Even without knowing your population for sure, primary care offices can go a long way to determine prevalence of disease and geographic needs.  Preparing for common conditions and community engagement outside the practice may be the only way practices can manage their population. It may mean that the measurement end is weak, that it is hard to prove interventions work, but healthy patients do not need you to prove that you helped them, only that they are helped.

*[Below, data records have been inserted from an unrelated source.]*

text \<open>If \<open>d\<close> is a positive chain sequence with parameters \<open>g\<close>, the leading coefficients
  \<open>L n\<close> of \<open>P n\<close> satisfy Wall's invariant \<open>L (n + 1) \<ge> (1 - g (n + 1)) L n > 0\<close>, so \<open>P n\<close>
  has degree exactly \<open>n\<close>. Interlacing then propagates by induction: if the zeros
  \<open>s 1 > \<dots> > s (n + 1)\<close> of \<open>P (n + 1)\<close> interlace those of \<open>P n\<close>, then
  \<open>P (n + 2) (s k) = - d (n + 2) (s k\<^sup>2 + 1) P n (s k)\<close> has sign \<open>(-1)\<^sup>k\<close>, and together with
  the signs of \<open>P (n + 2)\<close> at \<open>\<plusminus>\<infinity>\<close> the intermediate value theorem puts one zero of
  \<open>P (n + 2)\<close> into each of the \<open>n + 2\<close> gaps of the \<open>s k\<close>. Numbering the zeros of every \<open>P n\<close>
  canonically, from the largest down, makes these local choices consistent across \<open>n\<close>.\<close>

definition decreasing_upto :: "nat \<Rightarrow> (nat \<Rightarrow> real) \<Rightarrow> bool" where
  "decreasing_upto n r \<longleftrightarrow> (\<forall>j. 1 \<le> j \<and> j < n \<longrightarrow> r (j + 1) < r j)"

definition interlacing :: "nat \<Rightarrow> (nat \<Rightarrow> real) \<Rightarrow> (nat \<Rightarrow> real) \<Rightarrow> bool" where
  "interlacing n r s \<longleftrightarrow> (\<forall>j. 1 \<le> j \<and> j \<le> n \<longrightarrow> s (j + 1) < r j \<and> r j < s j)"

lemma decreasing_uptoD:
  assumes "decreasing_upto m r" "1 \<le> i" "i < j" "j \<le> m"
  shows "r j < r i"
proof -
  have "Suc i \<le> j" using assms(3) by simp
  then show ?thesis
  proof (induction j rule: dec_induct)
    case base
    then show ?case using assms unfolding decreasing_upto_def by auto
  next
    case (step k)
    then have "r (Suc k) < r k" using assms unfolding decreasing_upto_def by auto
    with step.IH show ?case by simp
  qed
qed

lemma decreasing_upto_inj_on:
  assumes "decreasing_upto m r"
  shows "inj_on r {1..m}"
proof (rule linorder_inj_onI')
  fix i j assume "i \<in> {1..m}" "j \<in> {1..m}" "i < j"
  then show "r i \<noteq> r j" using decreasing_uptoD[OF assms, of i j] by auto
qed

lemma interlacing_decreasing_upto:
  assumes "interlacing n r s"
  shows "decreasing_upto n r" "decreasing_upto (Suc n) s"
proof -
  have sr: "s (j + 1) < r j" and rs: "r j < s j" if "1 \<le> j" "j \<le> n" for j
    using assms that unfolding interlacing_def by auto
  show "decreasing_upto n r"
    unfolding decreasing_upto_def
  proof (intro allI impI)
    fix j assume "1 \<le> j \<and> j < n"
    then show "r (j + 1) < r j" using rs[of "j + 1"] sr[of j] by simp
  qed
  show "decreasing_upto (Suc n) s"
    unfolding decreasing_upto_def
  proof (intro allI impI)
    fix j assume "1 \<le> j \<and> j < Suc n"
    then show "s (j + 1) < s j" using sr[of j] rs[of j] by simp
  qed
qed

lemma prod_sign_count_neg:
  fixes f :: "'a \<Rightarrow> real"
  assumes "finite A" "\<And>j. j \<in> A \<Longrightarrow> f j \<noteq> 0"
  shows "0 < (-1) ^ card {j \<in> A. f j < 0} * (\<Prod>j\<in>A. f j)"
  using assms
proof (induction A rule: finite_induct)
  case (insert a A)
  have IH: "0 < (-1) ^ card {j \<in> A. f j < 0} * (\<Prod>j\<in>A. f j)"
    using insert by simp
  have "{j \<in> insert a A. f j < 0} = (if f a < 0 then insert a {j \<in> A. f j < 0} else {j \<in> A. f j < 0})"
    by auto
  moreover have "a \<notin> {j \<in> A. f j < 0}" "finite {j \<in> A. f j < 0}"
    using insert by auto
  moreover have "f a \<noteq> 0" using insert by simp
  ultimately show ?case
    using IH insert(1,2) by (auto simp: mult_ac intro: mult_pos_pos mult_neg_pos)
qed simp

lemma interlacing_sign_prod:
  assumes "interlacing n r s" "1 \<le> k" "k \<le> Suc n"
  shows "0 < (-1) ^ (k - 1) * (\<Prod>j=1..n. s k - r j)"
proof -
  have s_decr: "decreasing_upto (Suc n) s"
    using assms(1) by (rule interlacing_decreasing_upto)
  have sr: "s (j + 1) < r j" and rs: "r j < s j" if "1 \<le> j" "j \<le> n" for j
    using assms(1) that unfolding interlacing_def by auto
  have above: "s k < r j" if "j \<in> {1..n}" "j < k" for j
    using decreasing_uptoD[OF s_decr, of "j + 1" k] sr[of j] that assms
    by (cases "j + 1 = k") auto
  have below: "r j < s k" if "j \<in> {1..n}" "k \<le> j" for j
    using decreasing_uptoD[OF s_decr, of k j] rs[of j] that assms
    by (cases "j = k") auto
  have "{j \<in> {1..n}. s k - r j < 0} = {1..<k}"
    using above below assms(3) by fastforce
  moreover have "s k - r j \<noteq> 0" if "j \<in> {1..n}" for j
    using above below that by (cases "j < k") fastforce+
  ultimately show ?thesis
    using prod_sign_count_neg[of "{1..n}" "\<lambda>j. s k - r j"] by simp
qed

Do not give up! There is a way to get your arms around your population somehow and doing so will allow you to become far more effective in caring for your patients.


1 comment:

Jed Constantz said...

Dr. Schutzbank,
Empowering primary care to engage in true population health is what many of us are working on, frankly to prove it can and should be done. Our organization is focused on teaching self-funded employers the value of direct investment in community based primary care. Through this investment, the business proposition is primary care will be able to build primary care teams able to engage in a form of "customer relationship management" (or CRM) designed for primary care. This CRM is charged with the responsibility of keeping track of individual patient issues and needs in an efficient and effective manner to support the PCPs clinical decision making - one patient at time. Moreover, these teams are able to track and report outcomes that clearly demonstrate the value of such high performing primary care. Exactly what our employer clients look for to justify their investment in primary care is delivering a meaningful return.